What needs to be done:
Scan the data below for the string "assumes". Show every line where it turns up.
⁂
lemma sets_std_normal [simp]: "sets std_normal = sets borel"
  by (simp add: std_normal_def)

lemma space_std_normal [simp]: "space std_normal = UNIV"
  by (simp add: std_normal_def)

lemma std_normal_density_le_1: "std_normal_density x \<le> 1"
proof -
  have "1 / sqrt (2 * pi) \<le> 1" using pi_gt3 by simp
  moreover have "exp (- x\<^sup>2 / 2) \<le> 1" by simp
  ultimately show ?thesis
    unfolding std_normal_density_def by (intro mult_le_one) auto
qed

lemma measure_std_normal_atLeastLessThan_le:
  assumes "a \<le> b"
  shows "measure std_normal {a..<b} \<le> b - a"
proof -
  interpret prob_space std_normal by (rule prob_space_std_normal)
  have "emeasure std_normal {a..<b} = (\<integral>\<^sup>+x. ennreal (std_normal_density x) * indicator {a..<b} x \<partial>lborel)"
    unfolding std_normal_def by (subst emeasure_density) auto
  also have "\<dots> \<le> (\<integral>\<^sup>+x. indicator {a..<b} x \<partial>lborel)"
    by (rule nn_integral_mono) (auto simp: indicator_def std_normal_density_le_1)
  also have "\<dots> = ennreal (b - a)" using assms by simp
  finally have "ennreal (measure std_normal {a..<b}) \<le> ennreal (b - a)"
    by (simp add: emeasure_eq_measure)
  then show ?thesis using assms by (simp add: ennreal_le_iff)
qed

lemma gauss_error_diff_le:
  assumes "0 \<le> \<sigma>" "\<sigma> \<le> \<Delta>"
  shows "gauss_error \<sigma> - gauss_error \<Delta> \<le> (\<Delta> - \<sigma>) / 2"
proof -
  interpret prob_space std_normal by (rule prob_space_std_normal)
  have lower_split: "{..< -\<sigma>/2} = {..< -\<Delta>/2} \<union> {-\<Delta>/2..< -\<sigma>/2}"
    using assms by auto
  have lower: "measure std_normal {..< -\<sigma>/2} =
      measure std_normal {..< -\<Delta>/2} + measure std_normal {-\<Delta>/2..< -\<sigma>/2}"
    unfolding lower_split by (rule finite_measure_Union) auto
  have upper_split: "{\<sigma>/2..} = {\<Delta>/2..} \<union> {\<sigma>/2..< \<Delta>/2}" using assms by auto
  have upper: "measure std_normal {\<sigma>/2..} =
      measure std_normal {\<Delta>/2..} + measure std_normal {\<sigma>/2..<\<Delta>/2}"
    unfolding upper_split by (rule finite_measure_Union) auto
  have "measure std_normal {-\<Delta>/2..< -\<sigma>/2} \<le> -\<sigma>/2 - -\<Delta>/2"
    using assms by (intro measure_std_normal_atLeastLessThan_le) simp
  moreover have "measure std_normal {\<sigma>/2..<\<Delta>/2} \<le> \<Delta>/2 - \<sigma>/2"
    using assms by (intro measure_std_normal_atLeastLessThan_le) simp
  ultimately
  show ?thesis unfolding gauss_error_def lower upper by (simp add: field_simps)
qed

lemma measure_tails_eq_gauss_error:
  assumes "prob_space M" "X \<in> borel_measurable M" "0 \<le> \<sigma>"
    and "0 < \<sigma> \<Longrightarrow> distributed M lborel X (normal_density 0 \<sigma>)"
    and "\<sigma> = 0 \<Longrightarrow> (AE \<omega> in M. X \<omega> = 0)"
  shows "measure M {\<omega>\<in>space M. X \<omega> < -\<sigma>\<^sup>2/2} / 2 + measure M {\<omega>\<in>space M. \<sigma>\<^sup>2/2 \<le> X \<omega>} / 2
           = gauss_error \<sigma>"
proof (cases "\<sigma> = 0")
  case True
  interpret prob_space M by fact
  interpret N: prob_space std_normal by (rule prob_space_std_normal)
  have [measurable]: "X \<in> borel_measurable M" by fact
  have "measure M {\<omega>\<in>space M. X \<omega> < 0} = measure M {}"
    by (rule measure_eq_AE) (use assms(5)[OF True] in auto)
  moreover have "measure M {\<omega>\<in>space M. 0 \<le> X \<omega>} = measure M (space M)"
    by (rule measure_eq_AE) (use assms(5)[OF True] in auto)
  moreover have "measure std_normal {..<0} + measure std_normal {0..} = 1"
  proof -
    have "measure std_normal {..<0} + measure std_normal {0..} = measure std_normal ({..<0} \<union> {0..})"
      by (rule N.finite_measure_Union[symmetric]) auto
    also have "({..<0::real} \<union> {0..}) = space std_normal" by auto
    finally show ?thesis using N.prob_space by simp
  qed
  ultimately show ?thesis
    using True unfolding gauss_error_def by (simp add: prob_space)
next
  case False
  interpret prob_space M by fact
  have \<sigma>: "0 < \<sigma>" using False assms(3) by simp
  let ?Z = "\<lambda>\<omega>. (X \<omega> - 0) / \<sigma>"
  have Z_distributed: "distributed M lborel ?Z std_normal_density"
    using assms(4)[OF \<sigma>] normal_standard_normal_convert[OF \<sigma>] by simp
  then have distr_Z: "distr M lborel ?Z = std_normal"
    unfolding std_normal_def by (simp add: distributed_distr_eq_density)
  have Z: "?Z \<in> measurable M lborel"
    using distributed_measurable[OF Z_distributed] by simp
  have "{\<omega>\<in>space M. X \<omega> < -\<sigma>\<^sup>2/2} = ?Z -` {..< -\<sigma>/2} \<inter> space M"
    using \<sigma> by (auto simp: divide_less_eq power2_eq_square field_simps)
  moreover have "{\<omega>\<in>space M. \<sigma>\<^sup>2/2 \<le> X \<omega>} = ?Z -` {\<sigma>/2..} \<inter> space M"
    using \<sigma> by (auto simp: le_divide_eq power2_eq_square field_simps)
  ultimately show ?thesis
    unfolding gauss_error_def
    using measure_distr[OF Z, of "{..< -\<sigma>/2}"] measure_distr[OF Z, of "{\<sigma>/2..}"] distr_Z
    by simp
qed

lemma measure_misclassified:
  fixes M :: "'w measure" and Y X :: "'w \<Rightarrow> real" and p q c s :: real
  assumes "prob_space M" "Y \<in> borel_measurable M" "\<forall>\<omega>\<in>space M. Y \<omega> \<in> {0, 1}"
    and "measure M {\<omega> \<in> space M. Y \<omega> = 1} = 1/2" "X \<in> borel_measurable M"
    and "prob_space.indep_var M borel Y borel X" "p - c = s/2" "q - c = -s/2"
  shows "measure M {\<omega>\<in>space M. (if Y \<omega> * p + (1 - Y \<omega>) * q + X \<omega> \<ge> c then 1 else 0) \<noteq> Y \<omega>}
     = measure M {\<omega>\<in>space M. X \<omega> < -s/2} / 2 + measure M {\<omega>\<in>space M. s/2 \<le> X \<omega>} / 2"
proof -
  interpret prob_space M by fact
  have [measurable]: "Y \<in> borel_measurable M" "X \<in> borel_measurable M" by fact+
  let ?A = "{\<omega>\<in>space M. Y \<omega> = 1 \<and> X \<omega> < -s/2}"
  let ?B = "{\<omega>\<in>space M. Y \<omega> = 0 \<and> s/2 \<le> X \<omega>}"
  have indep: "prob {\<omega>\<in>space M. Y \<omega> = y \<and> X \<omega> \<in> B} =
      prob {\<omega>\<in>space M. Y \<omega> = y} * prob {\<omega>\<in>space M. X \<omega> \<in> B}" if "B \<in> sets borel" for y B
  proof -
    have "prob {\<omega>\<in>space M. Y \<omega> = y \<and> X \<omega> \<in> B} = prob ((\<lambda>\<omega>. (Y \<omega>, X \<omega>)) -` ({y} \<times> B) \<inter> space M)"
      by (rule arg_cong[where f = prob]) auto
    also have "\<dots> = prob (Y -` {y} \<inter> space M) * prob (X -` B \<inter> space M)"
      using that by (intro indep_varD[OF assms(6)]) auto
    also have "Y -` {y} \<inter> space M = {\<omega>\<in>space M. Y \<omega> = y}" by auto
    also have "X -` B \<inter> space M = {\<omega>\<in>space M. X \<omega> \<in> B}" by auto
    finally show ?thesis .
  qed
  have "(if Y \<omega> * p + (1 - Y \<omega>) * q + X \<omega> \<ge> c then 1 else 0) \<noteq> Y \<omega> \<longleftrightarrow>
      (Y \<omega> = 1 \<and> X \<omega> < -s/2) \<or> (Y \<omega> = 0 \<and> s/2 \<le> X \<omega>)" if "Y \<omega> \<in> {0, 1}" for \<omega>
  proof -
    have "p = c + s/2" "q = c - s/2" using assms(7,8) by linarith+
    then show ?thesis using that by auto
  qed
  then have "{\<omega>\<in>space M. (if Y \<omega> * p + (1 - Y \<omega>) * q + X \<omega> \<ge> c then 1 else 0) \<noteq> Y \<omega>} = ?A \<union> ?B"
    using assms(3) by blast
  moreover have "measure M (?A \<union> ?B) = measure M ?A + measure M ?B"
    by (rule finite_measure_Union) auto
  moreover have "prob ?A = prob {\<omega>\<in>space M. X \<omega> < -s/2} / 2"
    using indep[of "{..< -s/2}" 1] assms(4) by simp
  moreover have "prob {\<omega>\<in>space M. Y \<omega> = 0} = 1/2"
  proof -
    have "{\<omega>\<in>space M. Y \<omega> = 0} = space M - {\<omega> \<in> space M. Y \<omega> = 1}" using assms(3) by auto
    then show ?thesis using assms(4) by (simp add: prob_compl)
  qed
  then have "prob ?B = prob {\<omega>\<in>space M. s/2 \<le> X \<omega>} / 2"
    using indep[of "{s/2..}" 0] by simp
  ultimately show ?thesis by simp
qed

lemma ip_diff_minus_threshold:
  assumes "sq_int u" "sq_int v"
  shows "ip (\<lambda>t. u t - v t) u - ((l2norm u)\<^sup>2/2 - (l2norm v)\<^sup>2/2) = (l2norm (\<lambda>t. u t - v t))\<^sup>2 / 2"
    and "ip (\<lambda>t. u t - v t) v - ((l2norm u)\<^sup>2/2 - (l2norm v)\<^sup>2/2) = -((l2norm (\<lambda>t. u t - v t))\<^sup>2 / 2)"
  using assms l2norm_diff_power2[OF assms]
  by (simp_all add: ip_diff_left l2norm_power2 ip_commute[of v u] field_simps)
(* Let $A$ be a finite alphabet, $X\subseteq A^{\mathbb{Z}}$ a subshift, $F\colon X\to X$ a cellular automaton on $X$, $\mu$ a $\sigma$-ergodic Borel probability measure on $X$ which is equicontinuous for $(X,F)$, and $B$ a blocking word for $(X,F)$ with $\mu([B]_0)>0$. Fix $k\ge 0$ and a word $u\in A^{2k+1}$. Then the sequence $$W_m(u)=\frac{1}{p(k,m)}\sum_{i=0}^{p(k,m)-1}\mu\Big(R(k,m)\cap F^{-(i+p'(k,m))}([u]_{-k})\Big),\qquad m\in\mathbb{N},$$ is non-decreasing in $m$.
   Context: $A^{\mathbb{Z}}$ has the product topology with metric $d(x,y)=2^{-i}$, $i=\min\{|j|:x_j\ne y_j\}$, and shift $\sigma((x_i)_i)=(x_{i+1})_i$. A subshift is a closed $\sigma$-invariant subset of $A^{\mathbb{Z}}$; a cellular automaton on $X$ is a continuous $F\colon X\to X$ commuting with $\sigma$, with a radius $r$ and local map $f$ such that $F(x)_i=f(x_{i-r},\dots,x_{i+r})$. For $x$ and $p\le q$, $x(p,q)=x_p\cdots x_q$; for a word $u$ and $t\in\mathbb{Z}$, $[u]_t=\{x\in X: x_{t+j-1}=u_j,\ 1\le j\le|u|\}$. A word $B\in A^{2k_0+1}$ is a blocking word for $(X,F)$ if there exist $i$ with $2i+1\ge r$ and words $v_n$ of length $2i+1$ such that every $x\in X$ with $x(-k_0,k_0)=B$ satisfies $F^n(x)(-i,i)=v_n$ for all $n\ge 1$. Equicontinuity point: for all $\varepsilon>0$ there is $\eta>0$ with $d(x,y)\le\eta\Rightarrow d(F^ix,F^iy)\le\varepsilon$ for all $i>0$; $\mu$ is equicontinuous for $(X,F)$ if equicontinuity points have $\mu$-measure 1. $R(k,m)$ is the set of points of $X$ having an occurrence of $B$ between coordinates $-m-k$ and $-k$ and another between coordinates $k$ and $m+k$. For $x\in R(k,m)$, $(F^n(x)(-k,k))_{n\ge0}$ depends only on $x(-m-k,m+k)$ and is ultimately periodic with period $p(x,k,m)$ and preperiod $p'(x,k,m)$; $p(k,m)$ is the least common multiple of the $p(x,k,m)$ and $p'(k,m)$ the maximum of the $p'(x,k,m)$ over $x\in R(k,m)$. *)

theory Defs
  imports "HOL-Probability.Probability"
begin
lemma katetov_realizable:
  fixes A :: "'a::metric_space set"
  assumes fep: "finite_extension_property TYPE('a)" and "finite A"
    and kat: "katetov_on A G" and pos: "\<And>a. a \<in> A \<Longrightarrow> 0 < G a"
  shows "\<exists>z. \<forall>a\<in>A. dist z a = G a"
proof -
  define n where "n = card A"
  obtain e where e: "bij_betw e {0..<n} A"
    using ex_bij_betw_nat_finite[OF \<open>finite A\<close>] n_def by blast
  have eA: "e i \<in> A" if "i < n" for i
    using e that by (auto simp: bij_betw_def)
  \<comment> \<open>the point to be realized gets index \<open>n\<close>\<close>
  define d where "d i j = (if i < n \<and> j < n then dist (e i) (e j)
     else if i < n then G (e i) else if j < n then G (e j) else 0)" for i j
  have "fin_metric n d"
    unfolding fin_metric_def
  proof (intro conjI allI impI)
    fix i j assume "i \<le> n" "j \<le> n"
    moreover have "e i = e j \<Longrightarrow> i < n \<Longrightarrow> j < n \<Longrightarrow> i = j"
      using e by (auto simp: bij_betw_def inj_on_def)
    ultimately show "d i j = 0 \<longleftrightarrow> i = j"
      using pos[OF eA, of i] pos[OF eA, of j] by (auto simp: d_def)
    show "d i j = d j i" by (simp add: d_def dist_commute)
  next
    fix i j k assume "i \<le> n" "j \<le> n" "k \<le> n"
    have "G a \<le> G b + dist a b" "dist a b \<le> G a + G b" if "a \<in> A" "b \<in> A" for a b
      using kat that unfolding katetov_on_def by auto
    then have "i < n \<Longrightarrow> j < n \<Longrightarrow> G (e i) \<le> G (e j) + dist (e i) (e j)"
      "j < n \<Longrightarrow> k < n \<Longrightarrow> G (e k) \<le> G (e j) + dist (e j) (e k)"
      "i < n \<Longrightarrow> k < n \<Longrightarrow> dist (e i) (e k) \<le> G (e i) + G (e k)"
      using eA by (metis dist_commute)+
    moreover have "i < n \<Longrightarrow> 0 < G (e i)" "j < n \<Longrightarrow> 0 < G (e j)" "k < n \<Longrightarrow> 0 < G (e k)"
      using pos eA by auto
    ultimately show "d i k \<le> d i j + d j k"
      using dist_triangle[of "e i" "e k" "e j"] unfolding d_def by auto
  qed
  moreover have "\<forall>i<n. \<forall>j<n. dist (e i) (e j) = d i j" by (simp add: d_def)
  ultimately obtain g where g: "\<forall>i<n. g i = e i" "\<forall>i\<le>n. \<forall>j\<le>n. dist (g i) (g j) = d i j"
    using fep unfolding finite_extension_property_def by blast
  have "dist (g n) (e i) = G (e i)" if "i < n" for i
  proof -
    have "dist (g n) (g i) = d n i" using g(2) that by simp
    then show ?thesis using g(1) that by (simp add: d_def)
  qed
  then have "\<forall>a\<in>A. dist (g n) a = G a"
    using e by (auto simp: bij_betw_def)
  then show ?thesis ..
qed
⁂
Written response:
  assumes "a \<le> b"
  assumes "0 \<le> \<sigma>" "\<sigma> \<le> \<Delta>"
  assumes "prob_space M" "X \<in> borel_measurable M" "0 \<le> \<sigma>"
  assumes "prob_space M" "Y \<in> borel_measurable M" "\<forall>\<omega>\<in>space M. Y \<omega> \<in> {0, 1}"
  assumes "sq_int u" "sq_int v"
  assumes fep: "finite_extension_property TYPE('a)" and "finite A"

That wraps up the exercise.